Description of the task =>
Count every line in the entries that holds the word "intro". The reply is that count alone.

[Stored items]
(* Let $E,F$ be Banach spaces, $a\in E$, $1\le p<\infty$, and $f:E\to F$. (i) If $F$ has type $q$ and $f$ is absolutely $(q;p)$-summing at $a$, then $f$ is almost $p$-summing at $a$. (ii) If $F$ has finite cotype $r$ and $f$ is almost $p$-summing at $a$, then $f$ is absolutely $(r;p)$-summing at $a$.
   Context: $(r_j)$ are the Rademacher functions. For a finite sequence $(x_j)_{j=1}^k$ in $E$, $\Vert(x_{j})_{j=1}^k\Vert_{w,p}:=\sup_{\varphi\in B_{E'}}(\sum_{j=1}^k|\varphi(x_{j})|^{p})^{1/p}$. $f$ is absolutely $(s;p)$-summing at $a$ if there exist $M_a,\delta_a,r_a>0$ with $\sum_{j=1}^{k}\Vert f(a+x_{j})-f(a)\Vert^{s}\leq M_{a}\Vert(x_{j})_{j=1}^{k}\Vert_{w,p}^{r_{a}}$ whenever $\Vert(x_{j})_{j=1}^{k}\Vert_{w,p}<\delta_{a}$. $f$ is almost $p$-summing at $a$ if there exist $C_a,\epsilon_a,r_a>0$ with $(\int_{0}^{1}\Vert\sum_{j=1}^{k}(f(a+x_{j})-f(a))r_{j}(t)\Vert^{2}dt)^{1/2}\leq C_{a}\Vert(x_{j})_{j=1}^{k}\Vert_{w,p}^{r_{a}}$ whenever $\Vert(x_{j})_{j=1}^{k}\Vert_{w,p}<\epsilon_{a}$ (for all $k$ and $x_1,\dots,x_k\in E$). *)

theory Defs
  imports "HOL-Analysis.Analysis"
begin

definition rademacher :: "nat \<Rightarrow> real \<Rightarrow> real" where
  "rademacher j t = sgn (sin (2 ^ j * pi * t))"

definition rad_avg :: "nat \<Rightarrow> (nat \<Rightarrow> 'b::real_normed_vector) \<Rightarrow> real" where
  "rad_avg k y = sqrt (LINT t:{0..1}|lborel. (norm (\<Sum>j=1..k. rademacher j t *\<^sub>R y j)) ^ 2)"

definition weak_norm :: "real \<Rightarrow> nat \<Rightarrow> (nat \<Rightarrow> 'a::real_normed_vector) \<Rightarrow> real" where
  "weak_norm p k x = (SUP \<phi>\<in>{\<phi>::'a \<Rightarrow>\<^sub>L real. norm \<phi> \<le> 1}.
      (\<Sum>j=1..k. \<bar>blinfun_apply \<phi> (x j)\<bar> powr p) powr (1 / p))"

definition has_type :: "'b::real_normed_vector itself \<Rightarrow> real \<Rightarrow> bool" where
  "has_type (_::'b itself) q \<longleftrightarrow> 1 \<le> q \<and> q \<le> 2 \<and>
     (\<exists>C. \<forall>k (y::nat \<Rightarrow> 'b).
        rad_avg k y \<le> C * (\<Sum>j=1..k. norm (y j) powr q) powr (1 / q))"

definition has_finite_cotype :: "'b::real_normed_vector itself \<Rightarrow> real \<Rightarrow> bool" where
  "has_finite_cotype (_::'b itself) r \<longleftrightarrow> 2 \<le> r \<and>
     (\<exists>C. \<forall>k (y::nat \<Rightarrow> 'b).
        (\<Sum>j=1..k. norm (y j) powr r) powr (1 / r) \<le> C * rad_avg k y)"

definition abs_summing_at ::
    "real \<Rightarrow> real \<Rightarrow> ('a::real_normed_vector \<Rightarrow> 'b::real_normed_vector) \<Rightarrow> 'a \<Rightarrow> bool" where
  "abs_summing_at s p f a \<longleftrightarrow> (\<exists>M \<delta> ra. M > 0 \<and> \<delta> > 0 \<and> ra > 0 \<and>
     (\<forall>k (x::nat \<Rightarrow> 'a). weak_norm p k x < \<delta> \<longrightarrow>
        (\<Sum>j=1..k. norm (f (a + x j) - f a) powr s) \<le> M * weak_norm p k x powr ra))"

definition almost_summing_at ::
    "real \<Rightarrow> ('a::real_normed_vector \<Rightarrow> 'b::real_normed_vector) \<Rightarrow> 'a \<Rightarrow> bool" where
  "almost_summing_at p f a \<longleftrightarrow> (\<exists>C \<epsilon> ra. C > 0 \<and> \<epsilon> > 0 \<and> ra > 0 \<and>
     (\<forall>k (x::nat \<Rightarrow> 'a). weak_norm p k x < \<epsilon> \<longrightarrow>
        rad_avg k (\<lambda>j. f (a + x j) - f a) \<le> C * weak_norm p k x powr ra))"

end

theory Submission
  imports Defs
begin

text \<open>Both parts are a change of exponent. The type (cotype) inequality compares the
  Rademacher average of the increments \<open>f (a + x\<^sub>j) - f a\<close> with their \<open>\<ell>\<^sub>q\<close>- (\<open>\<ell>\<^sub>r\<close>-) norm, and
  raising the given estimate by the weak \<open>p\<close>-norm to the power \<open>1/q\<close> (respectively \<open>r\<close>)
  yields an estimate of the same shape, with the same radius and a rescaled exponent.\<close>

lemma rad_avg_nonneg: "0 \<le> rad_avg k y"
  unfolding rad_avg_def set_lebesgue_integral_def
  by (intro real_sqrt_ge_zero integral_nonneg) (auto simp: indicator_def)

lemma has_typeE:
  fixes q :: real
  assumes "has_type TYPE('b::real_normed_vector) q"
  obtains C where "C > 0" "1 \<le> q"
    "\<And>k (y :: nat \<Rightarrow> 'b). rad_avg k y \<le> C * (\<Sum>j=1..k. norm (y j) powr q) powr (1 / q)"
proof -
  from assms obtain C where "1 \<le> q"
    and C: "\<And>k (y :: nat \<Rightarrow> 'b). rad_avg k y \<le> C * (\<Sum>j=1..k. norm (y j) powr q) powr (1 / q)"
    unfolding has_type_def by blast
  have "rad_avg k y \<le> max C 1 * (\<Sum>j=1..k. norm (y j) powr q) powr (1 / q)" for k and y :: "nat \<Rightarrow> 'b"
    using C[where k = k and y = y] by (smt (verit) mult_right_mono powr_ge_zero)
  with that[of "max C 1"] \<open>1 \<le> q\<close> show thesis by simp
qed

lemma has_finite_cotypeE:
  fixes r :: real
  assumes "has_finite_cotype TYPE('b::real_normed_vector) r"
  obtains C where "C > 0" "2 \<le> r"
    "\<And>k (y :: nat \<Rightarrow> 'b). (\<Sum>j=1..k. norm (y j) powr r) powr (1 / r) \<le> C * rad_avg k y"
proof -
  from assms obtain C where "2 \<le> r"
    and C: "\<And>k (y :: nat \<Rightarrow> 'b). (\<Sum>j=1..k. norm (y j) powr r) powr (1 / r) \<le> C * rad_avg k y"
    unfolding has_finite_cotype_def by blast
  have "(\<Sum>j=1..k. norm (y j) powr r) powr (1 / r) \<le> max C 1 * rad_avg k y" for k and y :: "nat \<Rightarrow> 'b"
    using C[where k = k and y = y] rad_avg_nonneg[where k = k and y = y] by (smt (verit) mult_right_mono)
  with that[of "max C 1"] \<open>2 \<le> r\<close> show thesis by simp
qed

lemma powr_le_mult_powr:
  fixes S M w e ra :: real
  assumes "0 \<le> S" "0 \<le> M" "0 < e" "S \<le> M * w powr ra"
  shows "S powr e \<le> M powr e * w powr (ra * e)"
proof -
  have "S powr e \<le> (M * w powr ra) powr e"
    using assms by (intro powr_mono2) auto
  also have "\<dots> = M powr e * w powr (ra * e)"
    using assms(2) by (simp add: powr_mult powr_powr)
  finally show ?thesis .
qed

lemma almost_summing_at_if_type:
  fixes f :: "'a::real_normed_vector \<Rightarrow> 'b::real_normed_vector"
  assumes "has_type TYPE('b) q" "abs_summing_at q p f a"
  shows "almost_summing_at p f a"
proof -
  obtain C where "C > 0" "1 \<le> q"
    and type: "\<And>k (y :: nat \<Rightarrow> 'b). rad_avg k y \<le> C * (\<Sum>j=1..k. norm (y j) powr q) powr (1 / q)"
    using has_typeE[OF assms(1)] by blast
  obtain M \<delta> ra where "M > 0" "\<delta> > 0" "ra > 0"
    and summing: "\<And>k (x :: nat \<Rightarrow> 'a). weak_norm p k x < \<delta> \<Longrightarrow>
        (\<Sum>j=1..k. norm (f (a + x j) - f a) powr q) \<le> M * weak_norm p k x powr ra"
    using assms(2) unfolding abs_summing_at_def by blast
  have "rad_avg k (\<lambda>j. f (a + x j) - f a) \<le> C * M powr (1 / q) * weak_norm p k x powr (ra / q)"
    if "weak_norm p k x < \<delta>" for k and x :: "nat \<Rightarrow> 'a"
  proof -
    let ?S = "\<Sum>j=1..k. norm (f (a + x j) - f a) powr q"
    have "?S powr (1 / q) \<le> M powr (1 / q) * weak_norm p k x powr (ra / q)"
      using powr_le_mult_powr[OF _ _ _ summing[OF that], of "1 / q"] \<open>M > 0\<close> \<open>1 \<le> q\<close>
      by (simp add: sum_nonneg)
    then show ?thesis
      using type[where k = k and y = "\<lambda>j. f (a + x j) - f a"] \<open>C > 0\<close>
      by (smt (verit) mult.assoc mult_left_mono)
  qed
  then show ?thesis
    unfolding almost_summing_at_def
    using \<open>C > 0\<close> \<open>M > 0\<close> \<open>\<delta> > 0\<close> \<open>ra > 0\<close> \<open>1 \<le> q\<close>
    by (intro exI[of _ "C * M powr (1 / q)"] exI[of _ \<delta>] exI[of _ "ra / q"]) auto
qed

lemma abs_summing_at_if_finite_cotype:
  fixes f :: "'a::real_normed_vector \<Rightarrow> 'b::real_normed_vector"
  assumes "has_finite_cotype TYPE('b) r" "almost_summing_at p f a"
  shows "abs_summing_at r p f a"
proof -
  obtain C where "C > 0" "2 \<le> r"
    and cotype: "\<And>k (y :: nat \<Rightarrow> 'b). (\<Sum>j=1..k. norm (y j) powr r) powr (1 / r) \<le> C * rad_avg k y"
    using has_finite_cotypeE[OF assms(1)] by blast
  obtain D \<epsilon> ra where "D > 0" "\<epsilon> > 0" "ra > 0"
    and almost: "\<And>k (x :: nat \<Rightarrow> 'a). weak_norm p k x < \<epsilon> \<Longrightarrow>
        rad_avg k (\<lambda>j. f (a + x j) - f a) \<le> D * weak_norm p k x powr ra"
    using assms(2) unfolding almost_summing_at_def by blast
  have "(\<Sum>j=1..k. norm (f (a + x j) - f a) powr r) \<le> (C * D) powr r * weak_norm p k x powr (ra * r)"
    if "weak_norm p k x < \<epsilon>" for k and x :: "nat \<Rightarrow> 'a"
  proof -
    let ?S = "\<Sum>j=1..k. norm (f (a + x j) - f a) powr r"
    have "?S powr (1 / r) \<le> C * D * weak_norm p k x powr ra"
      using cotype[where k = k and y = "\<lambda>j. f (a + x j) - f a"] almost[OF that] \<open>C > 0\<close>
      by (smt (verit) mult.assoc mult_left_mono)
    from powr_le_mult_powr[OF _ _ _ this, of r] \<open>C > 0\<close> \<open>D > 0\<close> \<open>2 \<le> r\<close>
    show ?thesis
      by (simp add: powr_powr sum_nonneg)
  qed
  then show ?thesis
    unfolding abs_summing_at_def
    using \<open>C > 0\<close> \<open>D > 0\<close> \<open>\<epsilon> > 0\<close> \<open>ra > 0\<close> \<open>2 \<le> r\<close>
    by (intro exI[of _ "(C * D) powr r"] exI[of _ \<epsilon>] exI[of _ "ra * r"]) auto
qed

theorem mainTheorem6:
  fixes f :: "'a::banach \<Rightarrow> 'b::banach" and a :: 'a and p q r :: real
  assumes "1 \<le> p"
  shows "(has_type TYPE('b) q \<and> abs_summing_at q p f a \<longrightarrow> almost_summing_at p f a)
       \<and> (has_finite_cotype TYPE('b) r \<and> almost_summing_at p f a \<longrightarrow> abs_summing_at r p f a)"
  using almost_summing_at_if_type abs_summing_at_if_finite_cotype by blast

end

Exercise response =>
4